Scientists calculated the theoretical minimum thermal load to lower energy requirements.

The heating and cooling of buildings forms a large part of global energy demand and is a significant, and increasing, contributor to carbon emissions.

In a bid to help curb these growing demands, a group of scientists and engineers from Lawrence Berkeley National Laboratory (Berkeley Lab), the National Renewable Energy Laboratory, and UC Berkeley has pioneered a framework for determining the minimum thermal energy required while maintaining comfortable living conditions.

In their study, published in the journal Joule, the researchers calculate the theoretical minimum thermal load in order to dramatically lower the energy required for heating and cooling buildings.

Calculating a baseline for occupant comfort

For their calculations, the team set up a baseline for occupant comfort with different building parameters — the theoretical minimum thermal load does not focus purely on calculating the amount of heating or cooling needed to make a living space comfortable.
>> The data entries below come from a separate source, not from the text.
lemma phiD_iter:
  assumes "d \<in> Dcar f"
  shows "(phiD f a b ^^ n) d t j = (if j < f then coord2 a b t ^ n * d t ((j + n) mod f) else 0)"
proof (cases "j < f")
  case False
  then show ?thesis using Dcar_zero[OF phiD_iter_Dcar[OF assms]] by simp
next
  case True
  then show ?thesis
  proof (induction n arbitrary: j)
    case (Suc n)
    have "(phiD f a b ^^ Suc n) d t j = phiD f a b ((phiD f a b ^^ n) d) t j" by simp
    also have "\<dots> = coord2 a b t * (phiD f a b ^^ n) d t ((j + 1) mod f)"
      using Suc.prems by (simp only: phiD_eq if_True)
    also have "\<dots> = coord2 a b t * (coord2 a b t ^ n * d t (((j + 1) mod f + n) mod f))"
      using Suc.IH Suc.prems by simp
    also have "((j + 1) mod f + n) mod f = (j + Suc n) mod f"
      by (simp add: mod_add_left_eq)
    finally show ?case using Suc.prems by simp
  qed simp
qed

text \<open>Shifting by i + f - j moves the coordinate j, and only j, to i.\<close>
lemma rotate_mod_eq:
  fixes i j j' f :: nat
  assumes "i < f" "j < f" "j' < f"
  shows "(j' + (i + f - j)) mod f = i \<longleftrightarrow> j' = j"
proof -
  have "j + (i + f - j) = i + f" using assms by arith
  then have "i = (j + (i + f - j)) mod f" using assms by simp
  then have "(j' + (i + f - j)) mod f = i \<longleftrightarrow> [j' + (i + f - j) = j + (i + f - j)] (mod f)"
    by (simp add: cong_def)
  also have "\<dots> \<longleftrightarrow> [j' = j] (mod f)" by (rule cong_add_rcancel_nat)
  also have "\<dots> \<longleftrightarrow> j' = j" using assms by (simp add: cong_def)
  finally show ?thesis .
qed

text \<open>Projection step: if the eigenvalues of phi^f differ, then (phi^f - lambda'^f), applied to
  e_i d, isolates the eta_t-component; so a stable submodule containing a vector d with
  d t i ~= 0 contains e_i eta_t.\<close>
lemma stable_contains_eta_at:
  fixes a b :: "'a::field"
  assumes sm: "submod f M" and st: "phiD f a b ` M \<subseteq> M" and t: "t \<in> {1,2}"
    and ne: "coord2 a b t ^ f \<noteq> coord2 a b (3 - t) ^ f"
    and dM: "d \<in> M" and dti: "d t i \<noteq> 0"
  shows "eta_at t i \<in> M"
proof -
  have dD: "d \<in> Dcar f" using sm dM submod_Dcar by blast
  have i: "i < f" using Dcar_zero[OF dD, of t i] dti t by fastforce
  define d1 where "d1 = smul (\<lambda>j. if j = i then 1 else 0) d"
  have d1M: "d1 \<in> M" unfolding d1_def using sm dM by (rule submod_smul)
  have d1D: "d1 \<in> Dcar f" using sm d1M submod_Dcar by blast
  define X where "X = ((phiD f a b) ^^ f) d1"
  have XM: "X \<in> M" unfolding X_def using st d1M by (rule phiD_iter_stable)
  have X: "X t' j = coord2 a b t' ^ f * d1 t' j" for t' j
    unfolding X_def phiD_iter[OF d1D] using Dcar_zero[OF d1D, of t' j] by simp
  define c0 where "c0 = (coord2 a b (3 - t) ^ f - coord2 a b t ^ f) * d t i"
  have c0: "c0 \<noteq> 0" using ne dti unfolding c0_def by simp
  \<comment> \<open>Z = (lambda'^f d1 - phi^f d1) / c0 kills the eta_{3-t}-part and normalises the rest.\<close>
  define Z where "Z = smul (\<lambda>_. 1 / c0) (smul (\<lambda>_. -1) X + smul (\<lambda>_. coord2 a b (3 - t) ^ f) d1)"
  have ZM: "Z \<in> M" unfolding Z_def
    by (intro submod_smul[OF sm] submod_add[OF sm] XM d1M)
  have "Z t' j = eta_at t i t' j" for t' j
  proof -
    have Z: "Z t' j = (1 / c0) * ((coord2 a b (3 - t) ^ f - coord2 a b t' ^ f) * d1 t' j)"
      unfolding Z_def smul_def X by (simp add: algebra_simps)
    consider "t' = t" | "t' = 3 - t" | "t' \<notin> {1,2}" using t by fastforce
    then show ?thesis
    proof cases
      case 1
      then show ?thesis unfolding Z using c0 by (simp add: d1_def smul_def eta_at_def c0_def)
    next
      case 2
      then show ?thesis unfolding Z using t by (auto simp: eta_at_def)
    next
      case 3
      then show ?thesis unfolding Z using Dcar_zero[OF d1D, of t' j] t by (auto simp: eta_at_def)
    qed
  qed
  then show ?thesis using ZM by (metis ext)
qed

text \<open>Rotation step: phi^n moves e_i eta_t to a nonzero multiple of e_j eta_t.\<close>
lemma stable_rotate_eta_at:
  fixes a b :: "'a::field"
  assumes sm: "submod f M" and st: "phiD f a b ` M \<subseteq> M" and t: "t \<in> {1,2}"
    and nz: "coord2 a b t \<noteq> 0" and uM: "eta_at t i \<in> M" and i: "i < f" and j: "j < f"
  shows "eta_at t j \<in> M"
proof -
  define n where "n = i + f - j"
  define W where "W = ((phiD f a b) ^^ n) (eta_at t i)"
  have WM: "W \<in> M" unfolding W_def using st uM by (rule phiD_iter_stable)
  have "smul (\<lambda>_. 1 / coord2 a b t ^ n) W t' j' = eta_at t j t' j'" for t' j'
  proof (cases "j' < f")
    case True
    have "W t' j' = coord2 a b t' ^ n * eta_at t i t' ((j' + n) mod f)"
      unfolding W_def phiD_iter[OF eta_at_Dcar[OF t i]] using True by simp
    then show ?thesis using nz rotate_mod_eq[OF i j True]
      by (cases "t' = t") (simp_all add: smul_def eta_at_def n_def)
  next
    case False
    then have "W t' j' = 0" unfolding W_def phiD_iter[OF eta_at_Dcar[OF t i]] by simp
    then show ?thesis using False j by (simp add: smul_def eta_at_def)
  qed
  moreover have "smul (\<lambda>_. 1 / coord2 a b t ^ n) W \<in> M" by (rule submod_smul[OF sm WM])
  ultimately show ?thesis by (metis ext)
qed

lemma stable_line_subset:
  fixes a b :: "'a::field"
  assumes sm: "submod f M" and st: "phiD f a b ` M \<subseteq> M" and t: "t \<in> {1,2}"
    and ne: "coord2 a b t ^ f \<noteq> coord2 a b (3 - t) ^ f" and nz: "coord2 a b t \<noteq> 0"
    and dM: "d \<in> M" and dti: "d t i \<noteq> 0"
  shows "line t f \<subseteq> M"
proof -
  have iM: "eta_at t i \<in> M" by (rule stable_contains_eta_at[OF sm st t ne dM dti])
  have "i < f"
    using Dcar_zero[of d f t i] submod_Dcar[OF sm] dM dti t by fastforce
  then have "eta_at t j \<in> M" if "j < f" for j
    using stable_rotate_eta_at[OF sm st t nz iM] that by blast
  then have "eta t f \<in> M" unfolding eta_sum[symmetric] by (intro submod_sum[OF sm]) auto
  then show ?thesis by (rule line_subset_submod[OF sm t])
qed

lemma stable_submodules:
  fixes a b :: "'a::field"
  assumes sm: "submod f M" and st: "phiD f a b ` M \<subseteq> M"
    and a0: "a \<noteq> 0" and b0: "b \<noteq> 0" and ab: "a ^ f \<noteq> b ^ f"
  shows "M = {0} \<or> M = line 1 f \<or> M = line 2 f \<or> M = Dcar f"
proof -
  define meets where "meets t \<longleftrightarrow> (\<exists>d\<in>M. \<exists>i. d t i \<noteq> 0)" for t
  have MD: "M \<subseteq> Dcar f" using sm by (rule submod_Dcar)
  have in1: "line 1 f \<subseteq> M" if "meets 1"
    using that stable_line_subset[OF sm st, of 1] a0 ab unfolding meets_def by auto
  have ba: "b ^ f \<noteq> a ^ f" using ab by metis
  have in2: "line 2 f \<subseteq> M" if "meets 2"
    using that stable_line_subset[OF sm st, of 2] b0 ba unfolding meets_def by auto
  have sub1: "M \<subseteq> line 1 f" if "\<not> meets 2" using that MD by (auto simp: meets_def line_def)
  have sub2: "M \<subseteq> line 2 f" if "\<not> meets 1" using that MD by (auto simp: meets_def line_def)
  consider "meets 1" "meets 2" | "meets 1" "\<not> meets 2" | "\<not> meets 1" "meets 2"
    | "\<not> meets 1" "\<not> meets 2" by blast
  then show ?thesis
  proof cases
    case 1
    then have "Dcar f \<subseteq> M"
      using Dcar_subset_submod[OF sm] in1 in2 eta_line[of 1 f] eta_line[of 2 f] by blast
    then show ?thesis using MD by blast
  next
    case 2
    then show ?thesis using in1 sub1 by blast
  next
    case 3
    then show ?thesis using in2 sub2 by blast
  next
    case 4
    then have "M \<subseteq> {0}" using sub1 sub2 line_inter[of f] by blast
    then show ?thesis using submod_0[OF sm] by blast
  qed
qed

section \<open>Newton numbers\<close>

text \<open>t_N does not depend on the chosen basis: if every admissible pair (basis, matrix of phi)
  gives the same product of determinants Q, then t_N = e v(Q).\<close>
lemma tN_determined:
  assumes ex: "\<exists>r w A. is_free_basis f M r w \<and> is_phi_matrix f a b r w A"
    and all: "\<And>r w A. is_free_basis f M r w \<Longrightarrow> is_phi_matrix f a b r w A \<Longrightarrow>
       (\<Prod>i<f. det (mat r r (\<lambda>(k, l). A k l i))) = Q"
  shows "tN v f e a b M = real e * v Q"
proof -
  define P where "P = (\<lambda>(r, w, A). is_free_basis f M r w \<and> is_phi_matrix f a b r w A)"
  have "\<exists>x. P x" using ex unfolding P_def by auto
  then have "P (SOME x. P x)" by (rule someI_ex)
  then obtain r w A where sel: "(SOME x. P x) = (r, w, A)"
    and B: "is_free_basis f M r w" and Ph: "is_phi_matrix f a b r w A"
    unfolding P_def by (cases "SOME x. P x") auto
  have "(\<Prod>i<f. det (mat r r (\<lambda>(k, l). A k l i))) = Q" using all[OF B Ph] .
  then show ?thesis unfolding tN_def using sel unfolding P_def by simp
qed

lemma prod_rotate:
  fixes g :: "nat \<Rightarrow> 'a::comm_monoid_mult"
  shows "(\<Prod>i<f. g ((i + 1) mod f)) = (\<Prod>i<f. g i)"
proof -
  define h where "h i = (i + 1) mod f" for i
  have inj: "inj_on h {..<f}"
  proof (rule inj_onI)
    fix i j assume "i \<in> {..<f}" "j \<in> {..<f}" "h i = h j"
    then show "i = j" using cong_add_rcancel_nat[of i 1 j f] by (simp add: h_def cong_def)
  qed
  have "h ` {..<f} = {..<f}"
    by (rule endo_inj_surj[OF _ _ inj]) (auto simp: h_def)
  then have "(\<Prod>i<f. g i) = prod (g \<circ> h) {..<f}" by (metis prod.reindex[OF inj])
  then show ?thesis by (simp add: h_def)
qed

text \<open>If a_i g_i = c g_{i+1} with all g_i nonzero, then prod a_i = c^f.  This is how
  det[phi] is computed: a nowhere vanishing "Wronskian" g is rescaled by phi.\<close>
lemma cyclic_product:
  fixes g a :: "nat \<Rightarrow> 'a::field"
  assumes rel: "\<And>i. i < f \<Longrightarrow> a i * g i = c * g ((i + 1) mod f)"
    and nz: "\<And>i. i < f \<Longrightarrow> g i \<noteq> 0"
  shows "(\<Prod>i<f. a i) = c ^ f"
proof -
  have "(\<Prod>i<f. a i) * (\<Prod>i<f. g i) = (\<Prod>i<f. c * g ((i + 1) mod f))"
    using rel by (simp add: prod.distrib[symmetric])
  also have "\<dots> = c ^ f * (\<Prod>i<f. g ((i + 1) mod f))" by (simp add: prod.distrib)
  also have "\<dots> = c ^ f * (\<Prod>i<f. g i)" by (simp only: prod_rotate)
  finally show ?thesis using nz by (simp add: prod_zero_iff)
qed

lemma det0: "det (mat 0 0 g) = (1 :: 'a::comm_ring_1)"
  by (rule det_dim_zero) simp

lemma det1: "det (mat 1 1 g) = (g (0,0) :: 'a::comm_ring_1)"
  by (subst laplace_expansion_column[of _ 1 0]) (auto simp: cofactor_def det_def mat_delete_def)

lemma det2: "det (mat 2 2 g) = (g (0,0) * g (1,1) - g (0,1) * g (1,0) :: 'a::comm_ring_1)"
  apply (subst laplace_expansion_column[of _ 2 0])
  apply (auto simp: cofactor_def numeral_2_eq_2 lessThan_Suc)
  apply (subst (1 2) laplace_expansion_column[of _ 1 0])
  apply (auto simp: cofactor_def mat_delete_def det_def insert_index_def)
  done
By setting up their baseline, the researchers identify the physical limit for reduced thermal use. In other words, they calculated the exact point at which thermal energy reduction would cause discomfort to occupants.

New Building Energy Framework Drastically Reduces Energy Demand
Schematic of thermal interactions with the environment and energy transfers that are needed for the theoretical minimum thermal load (TMTL) calculation. Source: Julia Laser and Josh Bauer, NREL

"Our work shows that current thermal loads in buildings are more than an order-of-magnitude higher than the theoretical minimum thermal load," Ravi Prasher, Berkeley Lab’s Associate Lab Director for Energy Technologies and the corresponding author of the paper, explained in a press release.
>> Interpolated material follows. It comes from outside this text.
(* Let $\hat T^{\downarrow}_k$ be a random ranked plane tree with $k$ leaves produced by a Markov splitting model, let $\hat T_k$ be its underlying plane tree and $T_k$ its underlying (non-plane, unranked) tree. Suppose the model is split-exchangeable (i.e. $\Pr\{\hat T^{\downarrow}_k=\hat t^{\downarrow}_k\}$ is the same for all ranked plane trees with the same underlying plane tree) and plane-invariant (i.e. $\Pr\{\hat T_k=\hat t_k\}$ is the same for all plane trees with the same underlying tree). Then for every tree $t_k$ with $k$ leaves, \[ \Pr\{T_k=t_k\}=B(t_k)\times 2^{k-1-s(t_k)}\times\Pr\{\hat T^{\downarrow}_k=\hat t^{\downarrow}_k\}, \] where $\hat t^{\downarrow}_k$ is any ranked plane tree whose underlying tree is $t_k$, $B(t_k)=(k-1)!/\prod_{u\in\breve V(t_k)}\lfloor t_k(u)\rfloor$ ($\breve V(t_k)$ the internal nodes, $\lfloor t_k(u)\rfloor$ the number of internal nodes of the subtree rooted at $u$), and $s(t_k)$ is the number of internal nodes of $t_k$ whose two child subtrees are isomorphic.
   Context: All trees are finite, rooted, binary. A plane tree has the two children of each internal node ordered left/right; forgetting this order gives a (non-plane) tree, up to rooted isomorphism. An internal ranking labels the $k-1$ internal nodes bijectively by $\{1,\dots,k-1\}$ with root rank $1$ and ranks increasing along paths away from the root; a ranked plane tree is a plane tree with an internal ranking. A splitting process starts from a single root leaf and, at step $i=1,\dots,k-1$, chooses one current leaf at random, gives it rank $i$ and attaches a new left leaf and a new right leaf; the result is a random ranked plane tree with $k$ leaves. Equivalently, encoding plane trees by dyadic partitions of $[0,1]$ obtained by recursive midpoint bisection, the process is a sequence of interval bisections. It is a Markov splitting model if the conditional probability of which leaf is split next depends on the history only through the current (unranked) plane tree, i.e. the current partition. *)

theory Defs
  imports Complex_Main
begin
"In fact, the theoretical minimum thermal load showed that in residential buildings the energy used for heating or cooling an entire building for occupant comfort could be between 19 to 40 times lower," he continued.

The work points towards much more efficient energy usage in the future to help curb greenhouse emissions worldwide. While more environmentally friendly heating and cooling alternatives are in the works by scientific teams worldwide, the Berkeley Lab study shows that even these will have to be utilized in the most efficient manner possible so as not to waste energy.